YOUR INSTRUCTIONS:
Your answer is one number, how many lines in the entries include "imports".

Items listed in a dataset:
---------------

lemma beta_in_topspace: "t \<in> carrier G \<Longrightarrow> e \<in> topspace TE \<Longrightarrow> \<beta> t e \<in> topspace TE"
  using global_action by (simp add: global_action_def)

lemma beta_mult:
  "s \<in> carrier G \<Longrightarrow> t \<in> carrier G \<Longrightarrow> e \<in> topspace TE \<Longrightarrow> \<beta> s (\<beta> t e) = \<beta> (s \<otimes>\<^bsub>G\<^esub> t) e"
  using global_action by (simp add: global_action_def)

lemma beta_inv_cancel:
  assumes "t \<in> carrier G" "e \<in> topspace TE"
  shows "\<beta> (inv\<^bsub>G\<^esub> t) (\<beta> t e) = e" "\<beta> t (\<beta> (inv\<^bsub>G\<^esub> t) e) = e"
  using assms global_action by (simp_all add: beta_mult global_action_def)

lemma continuous_map_beta: "continuous_map (prod_topology TG TE) TE (\<lambda>(t,e). \<beta> t e)"
  using global_action by (simp add: global_action_def)

lemma continuous_map_beta_at: "t \<in> carrier G \<Longrightarrow> continuous_map TE TE (\<beta> t)"
  using continuous_map_compose[OF continuous_map_pairedI continuous_map_beta, of TE "\<lambda>_. t" id]
  by (simp add: o_def topspace_TG)

lemma homeomorphic_map_beta: "t \<in> carrier G \<Longrightarrow> homeomorphic_map TE TE (\<beta> t)"
  unfolding homeomorphic_map_maps homeomorphic_maps_def
  by (metis beta_inv_cancel continuous_map_beta_at inv_closed)

lemma openin_beta_image: "t \<in> carrier G \<Longrightarrow> openin TE W \<Longrightarrow> openin TE (\<beta> t ` W)"
  using homeomorphic_map_openness_eq homeomorphic_map_beta by blast

lemma beta_inv_eq_iff:
  assumes "t \<in> carrier G" "e \<in> topspace TE" "e' \<in> topspace TE"
  shows "\<beta> (inv\<^bsub>G\<^esub> t) e = e' \<longleftrightarrow> e = \<beta> t e'"
  using assms beta_inv_cancel by metis

lemma embedding_iota: "embedding_map TX TE \<iota>"
  using enveloping_action by (simp add: enveloping_action_def)

lemma openin_iota_topspace: "openin TE (\<iota> ` topspace TX)"
  using enveloping_action by (simp add: enveloping_action_def)

lemma iota_D: "t \<in> carrier G \<Longrightarrow> \<iota> ` D t = \<iota> ` topspace TX \<inter> \<beta> t ` \<iota> ` topspace TX"
  using enveloping_action by (simp add: enveloping_action_def)

lemma iota_sigma: "t \<in> carrier G \<Longrightarrow> x \<in> D (inv\<^bsub>G\<^esub> t) \<Longrightarrow> \<iota> (\<sigma> t x) = \<beta> t (\<iota> x)"
  using enveloping_action by (simp add: enveloping_action_def)

lemma envelope_cover:
  assumes "e \<in> topspace TE"
  obtains s x where "s \<in> carrier G" "x \<in> topspace TX" "e = \<beta> s (\<iota> x)"
proof -
  have "topspace TE = (\<Union>t\<in>carrier G. \<beta> t ` \<iota> ` topspace TX)"
    using enveloping_action by (simp add: enveloping_action_def)
  with assms that show thesis
    by blast
qed

lemma inj_on_iota: "inj_on \<iota> (topspace TX)"
  using embedding_iota unfolding embedding_map_def homeomorphic_map_def by blast

lemma iota_in_topspace: "x \<in> topspace TX \<Longrightarrow> \<iota> x \<in> topspace TE"
  using openin_subset[OF openin_iota_topspace] by blast

lemma continuous_map_iota: "continuous_map TX TE \<iota>"
  using homeomorphic_imp_continuous_map[OF embedding_iota[unfolded embedding_map_def]]
  by (simp add: continuous_map_in_subtopology)

lemma openin_iota_image: "openin TX A \<Longrightarrow> openin TE (\<iota> ` A)"
  using homeomorphic_imp_open_map[OF embedding_iota[unfolded embedding_map_def]]
    openin_iota_topspace openin_trans_full unfolding open_map_def by blast
(* Consider a rate-1 Poisson point process in $\mathbb{R}^2$ with an extra point (city) planted at the origin. For $\sigma>0$ let $D(\sigma)$ be the sum of Euclidean distances between all pairs of cities lying within the disc of radius $\sigma$ centred at the origin. Then for any random variable $\Sigma\ge0$ (defined on the same probability space, possibly dependent on the point process) with all moments finite, the random variable $D(\Sigma)$ has all moments finite. *)

theory Defs
  imports "HOL-Probability.Probability"
begin

definition pcount :: "('a \<Rightarrow> (real^2) set) \<Rightarrow> (real^2) set \<Rightarrow> 'a \<Rightarrow> nat" where
  "pcount N B \<omega> = card (N \<omega> \<inter> B)"

definition poisson_pp :: "'a measure \<Rightarrow> ('a \<Rightarrow> (real^2) set) \<Rightarrow> bool" where
  "poisson_pp M N \<longleftrightarrow>
     prob_space M \<and>
     (\<forall>\<omega>\<in>space M. \<forall>B. bounded B \<longrightarrow> finite (N \<omega> \<inter> B)) \<and>
     (\<forall>B \<in> sets lborel. bounded B \<longrightarrow>
        pcount N B \<in> measurable M (count_space UNIV) \<and>
        (\<forall>k::nat. measure M {\<omega> \<in> space M. pcount N B \<omega> = k}
                   = measure lborel B ^ k / fact k * exp (- measure lborel B))) \<and>
     (\<forall>(I::nat set) (B::nat \<Rightarrow> (real^2) set). finite I \<longrightarrow>
        (\<forall>i\<in>I. B i \<in> sets lborel \<and> bounded (B i)) \<longrightarrow>
        disjoint_family_on B I \<longrightarrow>
        prob_space.indep_vars M (\<lambda>_. count_space UNIV) (\<lambda>i. pcount N (B i)) I)"

text \<open>Cities: the points of the process together with an extra city at the origin.
\<open>pair_dist_sum N \<sigma> \<omega>\<close> is the sum of Euclidean distances over all unordered pairs of
distinct cities lying in the closed disc of radius \<open>\<sigma>\<close> about the origin (the ordered
double sum counts each unordered pair twice, and diagonal terms vanish).\<close>

definition cities :: "('a \<Rightarrow> (real^2) set) \<Rightarrow> 'a \<Rightarrow> (real^2) set" where
  "cities N \<omega> = insert 0 (N \<omega>)"

definition pair_dist_sum :: "('a \<Rightarrow> (real^2) set) \<Rightarrow> real \<Rightarrow> 'a \<Rightarrow> real" where
  "pair_dist_sum N \<sigma> \<omega> =
     (let C = cities N \<omega> \<inter> cball 0 \<sigma> in (\<Sum>x\<in>C. \<Sum>y\<in>C. dist x y) / 2)"

end

theory Submission
  imports Defs
begin
lemma face_preserving_translation: "face_preserving V (\<lambda>x. p + x)"
  by (auto simp: face_preserving_def maximizers_def inner_add_right)

lemma maximizers_orthogonal_image:
  fixes g :: "'a::euclidean_space \<Rightarrow> 'a"
  assumes "orthogonal_transformation g"
  shows "maximizers (g ` V) c = g ` maximizers V (inv g c)"
proof -
  have "g (inv g c) = c"
    using orthogonal_transformation_surj[OF assms] by (simp add: surj_f_inv_f)
  then have "c \<bullet> g x = inv g c \<bullet> x" for x
    using assms unfolding orthogonal_transformation_def by metis
  then show ?thesis
    by (auto simp: maximizers_def)
qed

lemma face_normal_cone_orthogonal_image:
  fixes g :: "'a::euclidean_space \<Rightarrow> 'a"
  assumes "orthogonal_transformation g"
  shows "face_normal_cone (g ` V) c = g ` face_normal_cone V (inv g c)"
proof -
  have "bij g"
    using assms by (rule orthogonal_transformation_bij)
  then have "c' \<in> g ` A \<longleftrightarrow> inv g c' \<in> A" for c' A
    by (metis bij_inv_eq_iff image_iff)
  then show ?thesis
    using \<open>bij g\<close>
    by (auto simp: face_normal_cone_def maximizers_orthogonal_image[OF assms] bij_is_inj inj_image_subset_iff)
qed

lemma face_normal_cone_orthogonal_image_eq:
  fixes g :: "'a::euclidean_space \<Rightarrow> 'a"
  assumes "orthogonal_transformation g"
    and "(\<lambda>C. g ` C) ` range (face_normal_cone V) = range (face_normal_cone V)"
  shows "face_normal_cone (g ` V) = face_normal_cone V"
proof (rule face_normal_cone_eq_if_range_eq)
  have "surj (inv g)"
    using assms(1) orthogonal_transformation_bij bij_imp_bij_inv bij_is_surj by blast
  then have "range (face_normal_cone (g ` V)) = (\<lambda>C. g ` C) ` range (face_normal_cone V)"
    unfolding face_normal_cone_orthogonal_image[OF assms(1)]
    using image_image[of "\<lambda>c. g ` face_normal_cone V c" "inv g" UNIV] by (simp add: image_image)
  with assms(2) show "range (face_normal_cone (g ` V)) = range (face_normal_cone V)"
    by simp
qed

section \<open>Inscribed realizations of a common normal fan\<close>

text \<open>On a sphere, v is the unique maximizer in direction v. If W has the same normal cones as V,
  the face of W in direction v therefore cannot contain two points: tilting v towards one of them
  isolates it without leaving the normal cone of v.\<close>

lemma maximizers_singleton_if_same_face_normal_cone:
  assumes "finite V" "finite W" "W \<noteq> {}" "V \<subseteq> sphere 0 r" "W \<subseteq> sphere 0 s"
    and same: "face_normal_cone V = face_normal_cone W" and v: "v \<in> V"
  shows "\<exists>w. maximizers W v = {w}"
proof -
  have iff: "maximizers V c \<subseteq> maximizers V c' \<longleftrightarrow> maximizers W c \<subseteq> maximizers W c'" for c c'
    using same by (auto simp: face_normal_cone_def fun_eq_iff)
  obtain w1 where w1: "w1 \<in> maximizers W v"
    using maximizers_nonempty[OF assms(2,3)] by blast
  have "w = w1" if w: "w \<in> maximizers W v" for w
  proof -
    obtain t where t: "maximizers W (v + t *\<^sub>R w1) = maximizers (maximizers W v) w1"
      using eventually_happens'[OF trivial_limit_at_right_real eventually_maximizers_perturb[OF assms(2)]]
      by blast
    have "maximizers W v \<subseteq> sphere 0 s"
      using assms(5) maximizers_subset by blast
    then have t1: "maximizers W (v + t *\<^sub>R w1) = {w1}"
      using t maximizers_sphere_self[OF _ w1] by simp
    then have "maximizers V (v + t *\<^sub>R w1) \<subseteq> maximizers V v"
      using iff[of "v + t *\<^sub>R w1" v] w1 by simp
    then have "maximizers V (v + t *\<^sub>R w1) = maximizers V v"
      using maximizers_nonempty[OF assms(1), of "v + t *\<^sub>R w1"] v
      unfolding maximizers_sphere_self[OF assms(4) v] by blast
    then have "maximizers W v \<subseteq> maximizers W (v + t *\<^sub>R w1)"
      using iff[of v "v + t *\<^sub>R w1"] by simp
    with w t1 show ?thesis
      by blast
  qed
  with w1 show ?thesis
    by blast
qed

---------------

ANSWER TO THE PROBLEM:
2